Дед тонко заточенным ножом резал на дощечке табачные листья.

Георгий подмигнул Капе в сторону деда. Капа улыбнулась и в ответ тоже подмигнула.

— Над стариком смешки выстраиваете…

Поднял голову дед Ермак, нашел под рукой трубку и набил ее табаком.

Капа сбегала и принесла в щипцах уголек из мангала.

Дед положил уголек в трубку. Трубка вздохнула и ожила.

2

Бычки со стручковым перцем оказались под силу одному деду Ермаку.

Георгий откладывал ложку, кашлял и вытирал рукавом глаза. Капа крепилась, но потом тоже начала кашлять и смахивать слезы.

— Прошибает, злоязычники! — подшучивал дед Ермак. — Хилое вы племя, на ратный подвиг неспособное.

— Нет, способное, — ответила Капа, все еще со слезами на ресницах. — Только без ваших стручков и бычков!

— В прежние года, — важно поднял ложку дед, — когда я служил в пушкарях в Шестом Яртаульском семисотенном гвардейском…

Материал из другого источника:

(* (Soundness of $\mathcal{T}_{\mathrm{EFO}}$.) Every branch that is refutable in the tableau calculus $\mathcal{T}_{\mathrm{EFO}}$ is unsatisfiable.
   Context: Types: a countable set of base types including a distinguished $o$; other base types are sorts ($\alpha$). Types: base types and $\sigma\tau$ (functions from $\sigma$ to $\tau$; $\sigma\tau\mu=\sigma(\tau\mu)$). Countably many names with unique types, infinitely many per type. Terms: names; $st:\mu$ for $s:\tau\mu,t:\tau$; $\lambda x.t:\sigma\tau$ for a name $x:\sigma$, $t:\tau$. Logical constants: $\neg:oo$, $\to:ooo$, $=_\sigma:\sigma\sigma o$ for every type $\sigma$, and $\forall_\alpha:(\alpha o)o$ for every sort $\alpha$; all other names are variables. Formulas: terms of type $o$; $s=_\sigma t$ is $(=_\sigma s)t$, $s\neq_\sigma t$ is $\neg(s=_\sigma t)$, $s\to t$ is $(\to s)t$. A term is EFO if the only logical constants occurring in it are $\neg$, $\to$, $=_\alpha$ and $\forall_\alpha$ ($\alpha$ sorts); $\mathrm{EFO}_\sigma$ is the set of EFO terms of type $\sigma$. A formula is quasi-EFO if it is EFO or of the form $s\neq_\sigma t$ with $s,t$ EFO and $\sigma$ any type. Semantics: a frame $\mathcal{D}$ maps types to nonempty sets with $\mathcal{D}(\sigma\tau)\subseteq(\mathcal{D}\sigma\to\mathcal{D}\tau)$. An assignment $\mathcal{I}$ into $\mathcal{D}$ extends $\mathcal{D}$ and maps names $x:\sigma$ into $\mathcal{D}\sigma$; $\mathcal{I}^x_a$ is the update. Partial evaluation: $\hat{\mathcal{I}}x=\mathcal{I}x$; $\hat{\mathcal{I}}(st)=(\hat{\mathcal{I}}s)(\hat{\mathcal{I}}t)$ when defined; $\hat{\mathcal{I}}(\lambda x.s)=f$ if $\lambda x.s:\sigma\tau$, $f\in\mathcal{D}(\sigma\tau)$ and $\widehat{\mathcal{I}^x_a}s=fa$ for all $a\in\mathcal{D}\sigma$. An interpretation is an assignment with total evaluation. It is logical if $\mathcal{I}o=\{0,1\}$, $\mathcal{I}(\neg)$ is negation, $\mathcal{I}(\to)$ is implication, $\mathcal{I}(=_\sigma)$ is identity on $\mathcal{I}\sigma$, and $\mathcal{I}(\forall_\alpha)f=1$ iff $f$ is the constant function with value $1$. A set of formulas is satisfiable if some logical interpretation evaluates each of them to $1$. Normalization: fixed type-preserving total $[\cdot]$; $s$ normal iff $[s]=s$; (N1) $[[s]]=[s]$; (N2) $[[s]t]=[st]$; (N3) $[ys_1\dots s_n]=y[s_1]\dots[s_n]$ for a name $y$, $n\ge0$, $ys_1\dots s_n$ of base type; (N4) $\hat{\mathcal{I}}[s]=\hat{\mathcal{I}}s$ for every interpretation. Calculus $\mathcal{T}_{\mathrm{EFO}}$: an EFO branch is a set of normal quasi-EFO formulas. A rule instance $A/A_1\dots A_n$ has $A$ a finite EFO branch containing the premises, $A_i=A\cup$(formulas of the $i$-th alternative). A term $u$ is $\alpha$-discriminating in $A$ if $u\neq_\alpha t\in A$ or $t\neq_\alpha u\in A$ for some $t$. Rules ($x$ a variable): $\neg\neg s$ / $s$; $s\neq_ot$ / $\{s,\neg t\}\mid\{\neg s,t\}$; $s\to t$ / $\neg s\mid t$; $\neg(s\to t)$ / $\{s,\neg t\}$; (Mat) $xs_1\dots s_n,\neg xt_1\dots t_n$ / $s_1\neq t_1\mid\dots\mid s_n\neq t_n$ ($n\ge0$); (Dec) $xs_1\dots s_n\neq_\alpha xt_1\dots t_n$ / $s_1\neq t_1\mid\dots\mid s_n\neq t_n$ ($n\ge0$); (FE) $s\neq_{\sigma\tau}t$ / $[sx]\neq[tx]$ with $x:\sigma$ not free in $A$; (Con) $s=_\alpha t,u\neq_\alpha v$ / $\{s\neq u,t\neq u\}\mid\{s\neq v,t\neq v\}$; (All) $\forall_\alpha s$ / $[su]$ for normal $u\in\mathrm{EFO}_\alpha$; (AllN) $\neg\forall_\alpha s$ / $\neg[sx]$ with $x:\alpha$ not free in $A$. Restrictions: FE on $s\neq t$ only if no variable $x$ has $[sx]\neq[tx]\in A$; AllN on $\neg\forall_\alpha s$ only if no variable $x:\alpha$ has $\neg[sx]\in A$; All on $\forall_\alpha s\in A$: if there are $\alpha$-discriminating terms in $A$, only with those; if $[su]\notin A$ for all normal $u\in\mathrm{Wff}_\alpha$, there are no $\alpha$-discriminating terms in $A$ and some variable of type $\alpha$ occurs free in $A$, only with a variable $x:\alpha$ occurring free in $A$; if $[su]\notin A$ for all normal $u\in\mathrm{Wff}_\alpha$, there are no $\alpha$-discriminating terms and no variable of type $\alpha$ occurs free in $A$, only with a variable $x:\alpha$. Refutable branches: least set such that if $A/A_1\dots A_n$ is an admitted instance and all $A_i$ are refutable then $A$ is refutable. *)

theory Defs
  imports Main
begin

text \<open>Base types are Base n; the distinguished type o is Base 0, the sorts are Base (Suc n).\<close>
datatype ty = Base nat | Fn ty ty

abbreviation tyo :: ty where "tyo \<equiv> Base 0"

definition is_sort :: "ty \<Rightarrow> bool" where
  "is_sort \<sigma> \<longleftrightarrow> (\<exists>n. \<sigma> = Base (Suc n))"

datatype name = Var nat ty | NegC | ImpC | EqC ty | AllC nat

fun nty :: "name \<Rightarrow> ty" where
  "nty (Var n \<sigma>) = \<sigma>"
| "nty NegC = Fn tyo tyo"
| "nty ImpC = Fn tyo (Fn tyo tyo)"
| "nty (EqC \<sigma>) = Fn \<sigma> (Fn \<sigma> tyo)"
| "nty (AllC n) = Fn (Fn (Base (Suc n)) tyo) tyo"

Тут во дворе хрипло, как треснутый кувшин, заблеял Разбой.

— Вражья сила! — Дед бросил ложку. — Припожаловал! Сейчас учинит шкоду!

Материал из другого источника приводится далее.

lemma subord_law_fbm:
  assumes "1 \<le> n"
    and outer: "\<forall>i\<in>{1..<n}. is_fbm M (h i) (X i) \<and> (\<forall>x. \<bar>g x\<bar> powr (2 * h i) = x\<^sup>2)"
    and inner: "is_fbm M H (X n)"
  shows "subord_law (map (\<lambda>i. law M (X i)) [1..<n+1]) g t
           = distr (normal_product n) borel (\<lambda>x. \<bar>t\<bar> powr H * x)"
proof -
  have split: "map (\<lambda>i. law M (X i)) [1..<n+1] = map (\<lambda>i. law M (X i)) [1..<n] @ [law M (X n)]"
    using assms(1) by simp
  have "\<forall>L\<in>set (map (\<lambda>i. law M (X i)) [1..<n]). \<forall>x. L (g x) = scaled_normal x"
    using outer by (auto simp: law_fbm centered_normal_eq_scaled scaled_normal_abs)
  moreover have "law M (X n) t = scaled_normal (\<bar>t\<bar> powr H)"
    using inner by (rule law_fbm_scaled_normal)
  ultimately have "subord_law (map (\<lambda>i. law M (X i)) [1..<n] @ [law M (X n)]) g t
      = distr (normal_product (Suc (length (map (\<lambda>i. law M (X i)) [1..<n])))) borel (\<lambda>x. \<bar>t\<bar> powr H * x)"
    by (rule subord_law_scaled_normal)
  then show ?thesis
    unfolding split using assms(1) by (simp del: normal_product.simps)
qed

section \<open>Products of independent random variables\<close>

lemma indep_processes_functional:
  assumes "prob_space M" and "indep_processes M X I"
    and "F \<in> borel_measurable (Pi\<^sub>M UNIV (\<lambda>_::real. borel))"
  shows "prob_space.indep_vars M (\<lambda>_. borel) (\<lambda>i \<omega>. F (\<lambda>t. X i t \<omega>)) I"
proof -
  interpret prob_space M by fact
  show ?thesis
    using indep_vars_compose2[of "\<lambda>_. Pi\<^sub>M UNIV (\<lambda>_. borel)" "\<lambda>i \<omega> t. X i t \<omega>" I "\<lambda>_. F"] assms
    by (simp add: indep_processes_def)
qed

lemma (in prob_space) distr_mult_indep:
  fixes X Y :: "'a \<Rightarrow> real"
  assumes ind: "indep_var borel X borel Y"
  shows "distr M borel (\<lambda>\<omega>. X \<omega> * Y \<omega>) =
           bind (distr M borel X) (\<lambda>x. distr (distr M borel Y) borel (\<lambda>y. x * y))"
proof -
  have [measurable]: "X \<in> borel_measurable M" "Y \<in> borel_measurable M"
    using ind by (auto simp: indep_var_distribution_eq)
  let ?DX = "distr M borel X" and ?DY = "distr M borel Y" and ?mult = "\<lambda>(x::real, y). x * y"
  interpret DX: prob_space ?DX by (rule prob_space_distr) simp
  interpret DY: prob_space ?DY by (rule prob_space_distr) simp
  have mult [measurable]: "?mult \<in> borel_measurable (borel \<Otimes>\<^sub>M borel)"
    by (simp add: case_prod_beta')
  have kernel: "(\<lambda>x. distr ?DY borel (\<lambda>y. x * y)) \<in> measurable ?DX (subprob_algebra borel)"
    by (rule measurable_distr2[where M=borel])
       (auto simp: space_subprob_algebra prob_space_imp_subprob_space DY.prob_space_axioms)
  have "distr M borel (\<lambda>\<omega>. X \<omega> * Y \<omega>) = distr (distr M (borel \<Otimes>\<^sub>M borel) (\<lambda>\<omega>. (X \<omega>, Y \<omega>))) borel ?mult"
    by (subst distr_distr) (auto simp: comp_def)
  also have "\<dots> = distr (?DX \<Otimes>\<^sub>M ?DY) borel ?mult"
    using ind by (simp add: indep_var_distribution_eq)
  also have "\<dots> = bind ?DX (\<lambda>x. distr ?DY borel (\<lambda>y. x * y))"
  proof (rule measure_eqI)
    show "sets (distr (?DX \<Otimes>\<^sub>M ?DY) borel ?mult) = sets (bind ?DX (\<lambda>x. distr ?DY borel (\<lambda>y. x * y)))"
      by (subst sets_bind) (auto simp: DX.not_empty)
    fix A assume "A \<in> sets (distr (?DX \<Otimes>\<^sub>M ?DY) borel ?mult)"
    then have A: "A \<in> sets borel" by simp
    have "emeasure (distr (?DX \<Otimes>\<^sub>M ?DY) borel ?mult) A
        = (\<integral>\<^sup>+x. emeasure ?DY (Pair x -` (?mult -` A \<inter> space (?DX \<Otimes>\<^sub>M ?DY))) \<partial>?DX)"
      using A measurable_sets[OF mult A]
      by (subst emeasure_distr, simp_all, subst DY.emeasure_pair_measure_alt) (auto simp: space_pair_measure)
    also have "\<dots> = (\<integral>\<^sup>+x. emeasure (distr ?DY borel (\<lambda>y. x * y)) A \<partial>?DX)"
      using A by (intro nn_integral_cong) (auto simp: emeasure_distr space_pair_measure intro!: arg_cong2[where f=emeasure])
    also have "\<dots> = emeasure (bind ?DX (\<lambda>x. distr ?DY borel (\<lambda>y. x * y))) A"
      using A by (subst emeasure_bind[OF DX.not_empty kernel]) auto
    finally show "emeasure (distr (?DX \<Otimes>\<^sub>M ?DY) borel ?mult) A
        = emeasure (bind ?DX (\<lambda>x. distr ?DY borel (\<lambda>y. x * y))) A" .
  qed
  finally show ?thesis .
qed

Капа и Георгий выбежали на порог.

Автомобиль окружили козлы. Разбой взобрался в кабину, что-то дожевывал и покрикивал — подбадривал дружков.

Георгий схватил лопату, которая стояла на пороге, и начал разгонять стадо.

Разбой подпрыгнул, боднул лопату и убежал за угол дома.

— Сигареты слопал, — сказал Георгий, поднимая со дна машины пустую пачку. — Ни единой не оставил.

Из-за угла высунулась повыдерганная борода и косящий черный глаз.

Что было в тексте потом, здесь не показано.